Work instructions: Please check every line of the listing for "moreover" and copy each line where it is found.

Data in this exercise:

(* Let $n\ge2$, $r\ge3n+2$ and $s=r(3n+2)+3$. The numerical semigroup $\Gamma_{B_{nr}}=\langle s,\,s+3,\,s+3n+1,\,s+3n+2\rangle$ is homogeneous.
   Context: For a numerical semigroup $\Gamma=\langle n_1,\dots,n_e\rangle$ (minimally generated, here with $n_1=s$) and $0\neq t\in\Gamma$, the set of lengths is $\mathcal T(t)=\{\sum_i r_i : t=\sum_i r_in_i,\ r_i\in\mathbb{N}\}$. A subset $T\subset\Gamma$ is homogeneous if it is empty or $\mathcal T(t)$ is a singleton for all $0\neq t\in T$. $\Gamma$ is homogeneous if the Apéry set $\mathrm{Ap}(\Gamma,n_1)=\{t\in\Gamma: t-n_1\notin\Gamma\}$ is homogeneous. *)

theory Defs
  imports Main
begin

text \<open>A numerical semigroup is given by its (minimal) generator list g = [n_1,...,n_e].
  A factorization of t is a coefficient vector r (only indices i < length g matter).\<close>

definition semigroup_gen :: "nat list \<Rightarrow> nat set" where
  "semigroup_gen g = {t. \<exists>r::nat \<Rightarrow> nat. t = (\<Sum>i<length g. r i * g ! i)}"

definition lengths :: "nat list \<Rightarrow> nat \<Rightarrow> nat set" where
  "lengths g t = {(\<Sum>i<length g. r i) | r::nat \<Rightarrow> nat. t = (\<Sum>i<length g. r i * g ! i)}"

text \<open>Apery set Ap(Gamma, m) = {t in Gamma. t - m notin Gamma} (integer subtraction:
  if t < m then t - m is negative, hence not in Gamma).\<close>

definition apery :: "nat list \<Rightarrow> nat \<Rightarrow> nat set" where
  "apery g m = {t \<in> semigroup_gen g. \<not> (m \<le> t \<and> t - m \<in> semigroup_gen g)}"

definition homogeneous_set :: "nat list \<Rightarrow> nat set \<Rightarrow> bool" where
  "homogeneous_set g T \<longleftrightarrow> T = {} \<or> (\<forall>t\<in>T. t \<noteq> 0 \<longrightarrow> (\<exists>l. lengths g t = {l}))"

definition homogeneous_semigroup :: "nat list \<Rightarrow> bool" where
  "homogeneous_semigroup g \<longleftrightarrow> homogeneous_set g (apery g (hd g))"

end

theory Submission
  imports Defs
begin

text \<open>Write \<open>g\<^sub>1 = s + 3\<close>, \<open>g\<^sub>2 = s + 3n + 1\<close>, \<open>g\<^sub>3 = s + 3n + 2\<close>.
  Any \<open>r + 2\<close> copies of \<open>g\<^sub>2, g\<^sub>3\<close> sum to \<open>s\<close> plus an element of the semigroup: either there
  are at least \<open>3n + 2\<close> copies of \<open>g\<^sub>2\<close> and \<open>(3n + 2) g\<^sub>2 = s + (3n + 1) g\<^sub>3\<close>, or the sum is
  \<open>s + (r + 2) s + c\<close> with \<open>3n \<le> c \<le> 6n + 1\<close>, and \<open>(r + 2) s + c\<close> is realised with copies of
  \<open>s\<close>, \<open>g\<^sub>1\<close> and at most one of \<open>g\<^sub>2, g\<^sub>3\<close> fixing the residue of \<open>c\<close> mod 3. As all generators lie in \<open>[g\<^sub>1, g\<^sub>1 + 3n]\<close>, a factorization of
  length \<open>L\<close> then has value in \<open>[L g\<^sub>1, L g\<^sub>1 + 3n (r + 1)]\<close>, an interval shorter than \<open>g\<^sub>1\<close>,
  so all factorizations have the same length.\<close>

lemma semigroup_gen_4:
  "semigroup_gen [a0, a1, a2, a3] = {t. \<exists>x0 x1 x2 x3. t = x0*a0 + x1*a1 + x2*a2 + x3*a3}"
proof -
  have "(\<exists>r::nat \<Rightarrow> nat. t = r 0*a0 + r 1*a1 + r 2*a2 + r 3*a3) \<longleftrightarrow>
        (\<exists>x0 x1 x2 x3. t = x0*a0 + x1*a1 + x2*a2 + x3*a3)" for t
  proof
    assume "\<exists>x0 x1 x2 x3. t = x0*a0 + x1*a1 + x2*a2 + x3*a3"
    then obtain x0 x1 x2 x3 where "t = x0*a0 + x1*a1 + x2*a2 + x3*a3" by blast
    then have "t = ([x0,x1,x2,x3]!0)*a0 + ([x0,x1,x2,x3]!1)*a1 + ([x0,x1,x2,x3]!2)*a2
                   + ([x0,x1,x2,x3]!3)*a3"
      by (simp add: numeral_eq_Suc)
    then show "\<exists>r::nat \<Rightarrow> nat. t = r 0*a0 + r 1*a1 + r 2*a2 + r 3*a3" by blast
  qed blast
  then show ?thesis
    by (simp add: semigroup_gen_def numeral_eq_Suc)
qed

lemma lengths_4:
  "lengths [a0, a1, a2, a3] t =
     {x0 + x1 + x2 + x3 | x0 x1 x2 x3. t = x0*a0 + x1*a1 + x2*a2 + x3*a3}"
proof -
  have "(\<exists>r::nat \<Rightarrow> nat. l = r 0 + r 1 + r 2 + r 3 \<and> t = r 0*a0 + r 1*a1 + r 2*a2 + r 3*a3)
        \<longleftrightarrow> (\<exists>x0 x1 x2 x3. l = x0 + x1 + x2 + x3 \<and> t = x0*a0 + x1*a1 + x2*a2 + x3*a3)" for l
  proof
    assume "\<exists>x0 x1 x2 x3. l = x0 + x1 + x2 + x3 \<and> t = x0*a0 + x1*a1 + x2*a2 + x3*a3"
    then obtain x0 x1 x2 x3 where "l = x0 + x1 + x2 + x3" "t = x0*a0 + x1*a1 + x2*a2 + x3*a3"
      by blast
    moreover define r where "r = (\<lambda>i. [x0,x1,x2,x3] ! i)"
    ultimately have "l = r 0 + r 1 + r 2 + r 3 \<and> t = r 0*a0 + r 1*a1 + r 2*a2 + r 3*a3"
      by (simp add: numeral_eq_Suc)
    then show "\<exists>r::nat \<Rightarrow> nat. l = r 0 + r 1 + r 2 + r 3 \<and> t = r 0*a0 + r 1*a1 + r 2*a2 + r 3*a3"
      by blast
  qed blast
  then show ?thesis
    by (simp add: lengths_def numeral_eq_Suc)
qed

lemma semigroup_gen_add:
  assumes "u \<in> semigroup_gen g" and "v \<in> semigroup_gen g"
  shows "u + v \<in> semigroup_gen g"
proof -
  obtain x y where "u = (\<Sum>i<length g. x i * g ! i)" and "v = (\<Sum>i<length g. y i * g ! i)"
    using assms unfolding semigroup_gen_def by blast
  then have "u + v = (\<Sum>i<length g. (x i + y i) * g ! i)"
    by (simp add: sum.distrib add_mult_distrib)
  then show ?thesis
    unfolding semigroup_gen_def by (intro CollectI exI[of _ "\<lambda>i. x i + y i"])
qed

lemma add_notin_apery: "u \<in> semigroup_gen g \<Longrightarrow> m + u \<notin> apery g m"
  by (simp add: apery_def)

lemma offset_mem_semigroup_gen:
  fixes n s k c :: nat
  assumes "3*n \<le> c" and "c \<le> 3*k"
  shows "k*s + c \<in> semigroup_gen [s, s + 3, s + 3*n + 1, s + 3*n + 2]"
proof -
  define q where "q = c div 3"
  have c: "c = 3*q + c mod 3"
    unfolding q_def by simp
  consider "c mod 3 = 0" | "c mod 3 = 1" | "c mod 3 = 2"
    by arith
  then show ?thesis
  proof cases
    case 1
    then obtain m where "k = q + m"
      using c assms(2) le_Suc_ex by fastforce
    then have "k*s + c = m*s + q*(s + 3) + 0*(s + 3*n + 1) + 0*(s + 3*n + 2)"
      using 1 c by (simp add: algebra_simps)
    then show ?thesis
      unfolding semigroup_gen_4 by blast
  next
    case 2
    then have "n \<le> q" and "q < k"
      using c assms by linarith+
    then obtain p where p: "q = n + p"
      using le_Suc_ex by blast
    then obtain m where "k = p + 1 + m"
      using \<open>q < k\<close> le_Suc_ex[of "p + 1" k] by auto
    then have "k*s + c = m*s + p*(s + 3) + 1*(s + 3*n + 1) + 0*(s + 3*n + 2)"
      using 2 c p by (simp add: algebra_simps)
    then show ?thesis
      unfolding semigroup_gen_4 by blast
  next
    case 3
    then have "n \<le> q" and "q < k"
      using c assms by linarith+
    then obtain p where p: "q = n + p"
      using le_Suc_ex by blast
    then obtain m where "k = p + 1 + m"
      using \<open>q < k\<close> le_Suc_ex[of "p + 1" k] by auto
    then have "k*s + c = m*s + p*(s + 3) + 0*(s + 3*n + 1) + 1*(s + 3*n + 2)"
      using 3 c p by (simp add: algebra_simps)
    then show ?thesis
      unfolding semigroup_gen_4 by blast
  qed
qed

lemma length_le_of_bounded_excess:
  fixes a b c d :: nat
  assumes eq: "x1*a + x2*b + x3*c = y1*a + y2*b + y3*c"
    and "a \<le> b" "a \<le> c" "b \<le> a + d" "c \<le> a + d"
    and small: "(y2 + y3) * d < a"
  shows "x1 + x2 + x3 \<le> y1 + y2 + y3"
proof -
  have "(x1 + x2 + x3) * a \<le> x1*a + x2*b + x3*c"
    using assms(2,3) by (simp add: add_mult_distrib add_mono)
  also have "\<dots> = y1*a + y2*b + y3*c"
    by (fact eq)
  also have "\<dots> \<le> y1*a + y2*(a + d) + y3*(a + d)"
    using assms(4,5) by (simp add: add_mono)
  also have "\<dots> = (y1 + y2 + y3) * a + (y2 + y3) * d"
    by (simp add: algebra_simps)
  also have "\<dots> < (y1 + y2 + y3 + 1) * a"
    using small by simp
  finally show ?thesis
    by (metis mult_less_cancel2 Suc_eq_plus1 less_Suc_eq_le)
qed

context
  fixes n r s :: nat
  assumes r_ge: "3*n + 2 \<le> r"
    and s_eq: "s = r*(3*n + 2) + 3"
begin

lemma large_generators_sum_shift:
  assumes "j + w = r + 2"
  shows "\<exists>u \<in> semigroup_gen [s, s + 3, s + 3*n + 1, s + 3*n + 2].
           j*(s + 3*n + 1) + w*(s + 3*n + 2) = s + u"
proof (cases "3*n + 2 \<le> j")
  case True
  then obtain k where "j = 3*n + 2 + k"
    using le_Suc_ex by blast
  then have "j*(s + 3*n + 1) + w*(s + 3*n + 2)
               = s + (0*s + 0*(s + 3) + k*(s + 3*n + 1) + (3*n + 1 + w)*(s + 3*n + 2))"
    by (simp add: algebra_simps)
  then show ?thesis
    unfolding semigroup_gen_4 by blast
next
  case False
  have "j*(s + 3*n + 1) + w*(s + 3*n + 2) + j = (j + w)*s + (j + w)*(3*n + 2)"
    by (simp add: algebra_simps)
  also have "\<dots> = s + (r + 2)*s + (6*n + 1)"
    using assms s_eq by (simp add: algebra_simps)
  finally have "j*(s + 3*n + 1) + w*(s + 3*n + 2) = s + ((r + 2)*s + (6*n + 1 - j))"
    using False by linarith
  moreover have "(r + 2)*s + (6*n + 1 - j) \<in> semigroup_gen [s, s + 3, s + 3*n + 1, s + 3*n + 2]"
    using False r_ge by (intro offset_mem_semigroup_gen) simp_all
  ultimately show ?thesis
    by blast
qed

lemma apery_factorization_bounds:
  assumes ap: "t \<in> apery [s, s + 3, s + 3*n + 1, s + 3*n + 2] s"
    and t: "t = x0*s + x1*(s + 3) + x2*(s + 3*n + 1) + x3*(s + 3*n + 2)"
  shows "x0 = 0" and "x2 + x3 \<le> r + 1"
proof -
  show "x0 = 0"
  proof (rule ccontr)
    assume "x0 \<noteq> 0"
    then obtain m where "x0 = Suc m"
      using not0_implies_Suc by blast
    then have "t = s + (m*s + x1*(s + 3) + x2*(s + 3*n + 1) + x3*(s + 3*n + 2))"
      using t by simp
    then show False
      using ap add_notin_apery semigroup_gen_4 by blast
  qed
  show "x2 + x3 \<le> r + 1"
  proof (rule ccontr)
    assume "\<not> x2 + x3 \<le> r + 1"
    then obtain j w x2' x3' where jw: "j + w = r + 2" and x: "x2 = j + x2'" "x3 = w + x3'"
      by (intro that[of "min x2 (r + 2)" "r + 2 - min x2 (r + 2)" "x2 - min x2 (r + 2)"
            "x3 - (r + 2 - min x2 (r + 2))"]) auto
    obtain u where u: "u \<in> semigroup_gen [s, s + 3, s + 3*n + 1, s + 3*n + 2]"
      and shift: "j*(s + 3*n + 1) + w*(s + 3*n + 2) = s + u"
      using large_generators_sum_shift[OF jw] by blast
    let ?rest = "x0*s + x1*(s + 3) + x2'*(s + 3*n + 1) + x3'*(s + 3*n + 2)"
    have "t = j*(s + 3*n + 1) + w*(s + 3*n + 2) + ?rest"
      using t x by (simp add: algebra_simps)
    also have "\<dots> = s + (u + ?rest)"
      using shift by simp
    finally show False
      using ap add_notin_apery semigroup_gen_add[OF u] semigroup_gen_4 by blast
  qed
qed

lemma apery_lengths:
  assumes "1 \<le> n"
    and ap: "t \<in> apery [s, s + 3, s + 3*n + 1, s + 3*n + 2] s"
    and t: "t = x0*s + x1*(s + 3) + x2*(s + 3*n + 1) + x3*(s + 3*n + 2)"
  shows "lengths [s, s + 3, s + 3*n + 1, s + 3*n + 2] t = {x0 + x1 + x2 + x3}"
proof
  show "{x0 + x1 + x2 + x3} \<subseteq> lengths [s, s + 3, s + 3*n + 1, s + 3*n + 2] t"
    unfolding lengths_4 using t by blast
  show "lengths [s, s + 3, s + 3*n + 1, s + 3*n + 2] t \<subseteq> {x0 + x1 + x2 + x3}"
  proof
    fix l
    assume "l \<in> lengths [s, s + 3, s + 3*n + 1, s + 3*n + 2] t"
    then obtain y0 y1 y2 y3 where l: "l = y0 + y1 + y2 + y3"
        and t': "t = y0*s + y1*(s + 3) + y2*(s + 3*n + 1) + y3*(s + 3*n + 2)"
      unfolding lengths_4 by blast
    have x: "x0 = 0" "x2 + x3 \<le> r + 1" and y: "y0 = 0" "y2 + y3 \<le> r + 1"
      using apery_factorization_bounds[OF ap t] apery_factorization_bounds[OF ap t'] by simp_all
    then have eq: "x1*(s + 3) + x2*(s + 3*n + 1) + x3*(s + 3*n + 2)
                   = y1*(s + 3) + y2*(s + 3*n + 1) + y3*(s + 3*n + 2)"
      using t t' by simp
    have "(r + 1)*(3*n) < s + 3"
      using r_ge s_eq by (simp add: algebra_simps)
    then have small_x: "(x2 + x3)*(3*n) < s + 3" and small_y: "(y2 + y3)*(3*n) < s + 3"
      using x y by (meson le_less_trans mult_right_mono zero_le)+
    have "x1 + x2 + x3 \<le> y1 + y2 + y3"
      by (rule length_le_of_bounded_excess[OF eq _ _ _ _ small_y]) (use \<open>1 \<le> n\<close> in simp_all)
    moreover have "y1 + y2 + y3 \<le> x1 + x2 + x3"
      by (rule length_le_of_bounded_excess[OF eq[symmetric] _ _ _ _ small_x])
        (use \<open>1 \<le> n\<close> in simp_all)
    ultimately show "l \<in> {x0 + x1 + x2 + x3}"
      using l x y by simp
  qed
qed

end

theorem mainTheorem7:
  fixes n r s :: nat
  assumes "n \<ge> 2" and "r \<ge> 3 * n + 2" and "s = r * (3 * n + 2) + 3"
  shows "homogeneous_semigroup [s, s + 3, s + 3 * n + 1, s + 3 * n + 2]"
  unfolding homogeneous_semigroup_def homogeneous_set_def
proof (intro disjI2 ballI impI)
  fix t
  assume "t \<in> apery [s, s + 3, s + 3 * n + 1, s + 3 * n + 2]
                 (hd [s, s + 3, s + 3 * n + 1, s + 3 * n + 2])"
  then have ap: "t \<in> apery [s, s + 3, s + 3 * n + 1, s + 3 * n + 2] s"
    by simp
  then obtain x0 x1 x2 x3 where "t = x0*s + x1*(s + 3) + x2*(s + 3*n + 1) + x3*(s + 3*n + 2)"
    unfolding apery_def semigroup_gen_4 by blast
  then show "\<exists>l. lengths [s, s + 3, s + 3 * n + 1, s + 3 * n + 2] t = {l}"
    using apery_lengths[OF assms(2,3) _ ap] assms(1) by auto
qed

end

Result:
    moreover define r where "r = (\<lambda>i. [x0,x1,x2,x3] ! i)"
  moreover have "(r + 2)*s + (6*n + 1 - j) \<in> semigroup_gen [s, s + 3, s + 3*n + 1, s + 3*n + 2]"
    moreover have "y1 + y2 + y3 \<le> x1 + x2 + x3"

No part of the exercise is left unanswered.